# Items listed in a dataset:

>>>

definition max23sat :: "nat \<Rightarrow> clause list \<Rightarrow> bool" where
  "max23sat n cls \<longleftrightarrow>
     (\<forall>c\<in>set cls. fst c \<noteq> snd c \<and> (\<forall>(i, b)\<in>clause_lits c. 1 \<le> i \<and> i \<le> n)) \<and>
     (\<forall>i\<in>{1..n}. card {j\<in>{1..length cls}. occurs_in i (cls ! (j - 1))} \<le> 3)"

definition lit_sat :: "(nat \<Rightarrow> bool) \<Rightarrow> literal \<Rightarrow> bool" where
  "lit_sat a l \<longleftrightarrow> a (fst l) = snd l"

definition num_sat :: "clause list \<Rightarrow> (nat \<Rightarrow> bool) \<Rightarrow> nat" where
  "num_sat cls a = card {j\<in>{1..length cls}. \<exists>l\<in>clause_lits (cls ! (j - 1)). lit_sat a l}"

datatype player =
    Dhat nat | D nat | Dtil nat
  | X nat | XT nat | XF nat
  | C nat | F nat

definition nprime :: "nat \<Rightarrow> nat" where
  "nprime n = (LEAST N. 16 * n \<le> 2 ^ N)"

definition pad :: "nat \<Rightarrow> nat" where
  "pad n = 2 ^ nprime n - 16 * n"

definition players :: "nat \<Rightarrow> clause list \<Rightarrow> player set" where
  "players n cls =
     Dhat ` {1..n} \<union> D ` {1..n} \<union> Dtil ` {1..n} \<union>
     X ` {1..n} \<union> XT ` {1..n} \<union> XF ` {1..n} \<union>
     C ` {1..length cls} \<union> F ` {1..10 * n + pad n - length cls}"

text \<open>Strength key: lexicographically smaller key = stronger player. This realises
  Dhat_1 > D_1 > Dtil_1 > ... > Dtil_n > x_1 > x_1^T > x_1^F > ... > x_n^F > c_1 > ... > c_m > f_1 > ...\<close>
fun skey :: "player \<Rightarrow> nat \<times> nat \<times> nat" where
  "skey (Dhat i) = (0, i, 0)"
| "skey (D i) = (0, i, 1)"
| "skey (Dtil i) = (0, i, 2)"
| "skey (X i) = (1, i, 0)"
| "skey (XT i) = (1, i, 1)"
| "skey (XF i) = (1, i, 2)"
| "skey (C j) = (2, j, 0)"
| "skey (F j) = (3, j, 0)"

definition stronger :: "player \<Rightarrow> player \<Rightarrow> player" where
  "stronger a b = (if skey a \<le> skey b then a else b)"

definition val_one :: "nat \<Rightarrow> clause list \<Rightarrow> player \<Rightarrow> player \<Rightarrow> bool" where
  "val_one n cls a b \<longleftrightarrow>
     (\<exists>i\<in>{1..n}. (a = X i \<and> (b = XT i \<or> b = XF i))) \<or>
     (\<exists>j\<in>{1..length cls}. \<exists>i. a = C j \<and>
        ((b = XT i \<and> (i, True) \<in> clause_lits (cls ! (j - 1))) \<or>
         (b = XF i \<and> (i, False) \<in> clause_lits (cls ! (j - 1)))))"

definition val_zero :: "nat \<Rightarrow> player \<Rightarrow> player \<Rightarrow> bool" where
  "val_zero n a b \<longleftrightarrow>
     (\<exists>i\<in>{1..n}. a = D i \<and> (b = Dhat i \<or> b = Dtil i \<or> b = X i))"

definition is_dx :: "nat \<Rightarrow> player \<Rightarrow> bool" where
  "is_dx n a \<longleftrightarrow> (\<exists>i\<in>{1..n}. a = D i \<or> a = X i)"

definition gval :: "nat \<Rightarrow> clause list \<Rightarrow> player \<Rightarrow> player \<Rightarrow> int" where
  "gval n cls a b =
     (if val_one n cls a b \<or> val_one n cls b a then 1
      else if val_zero n a b \<or> val_zero n b a then 0
      else if is_dx n a \<or> is_dx n b then -5
      else 0)"
theorem Borel_section:
  "\<exists>\<sigma>. \<sigma> \<in> restrict_space (borel \<Otimes>\<^sub>M borel) (orbit_rel H act) \<rightarrow>\<^sub>M borel \<Otimes>\<^sub>M count_space (carrier H)
     \<and> groupoid_hom_rel_ag H act (orbit_rel H act) \<sigma>
     \<and> (\<forall>p \<in> orbit_rel H act. quot_map H act (\<sigma> p) = p)"
proof (intro exI conjI)
  let ?\<sigma> = "\<lambda>p. (fst p, cocycle p)"
  show "?\<sigma> \<in> restrict_space (borel \<Otimes>\<^sub>M borel) (orbit_rel H act) \<rightarrow>\<^sub>M borel \<Otimes>\<^sub>M count_space (carrier H)"
    by (intro measurable_Pair measurable_restrict_space1 measurable_fst measurable_cocycle)
  have source: "act (inv (cocycle (x, y))) x = y" if "(x, y) \<in> F m" for x y m
    using act_inv_eq[OF level_cocycle_closed level_cocycle_act[OF that lessI]] that
    by (simp add: cocycle_eq)
  show "groupoid_hom_rel_ag H act (orbit_rel H act) ?\<sigma>"
    unfolding groupoid_hom_rel_ag_def
  proof (intro conjI ballI allI impI)
    fix p
    show "?\<sigma> p \<in> action_groupoid H"
      by (simp add: action_groupoid_def cocycle_def)
  next
    fix x y z assume "(x, y) \<in> orbit_rel H act" "(y, z) \<in> orbit_rel H act"
    then obtain m where m: "(x, y) \<in> F m" "(y, z) \<in> F m" "(x, z) \<in> F m"
      by (rule orbit_rel_common_level)
    show "ag_source H act (?\<sigma> (x, y)) = ag_range (?\<sigma> (y, z))"
      using source[OF m(1)] by (simp add: ag_source_def ag_range_def)
    show "?\<sigma> (x, z) = ag_mult H (?\<sigma> (x, y)) (?\<sigma> (y, z))"
      using m by (simp add: ag_mult_def cocycle_eq level_cocycle_mult)
  qed
  show "\<forall>p \<in> orbit_rel H act. quot_map H act (?\<sigma> p) = p"
  proof
    fix p assume "p \<in> orbit_rel H act"
    then obtain x y m where "p = (x, y)" "(x, y) \<in> F m"
      using F_union by (metis UN_iff prod.exhaust)
    then show "quot_map H act (?\<sigma> p) = p"
      by (simp add: quot_map_def source)
  qed
qed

<<<

# YOUR OBJECTIVE:
Filter the lines above so that only those with the string "gval" remain, then copy them.

# EXERCISE SOLUTION:
definition gval :: "nat \<Rightarrow> clause list \<Rightarrow> player \<Rightarrow> player \<Rightarrow> int" where
  "gval n cls a b =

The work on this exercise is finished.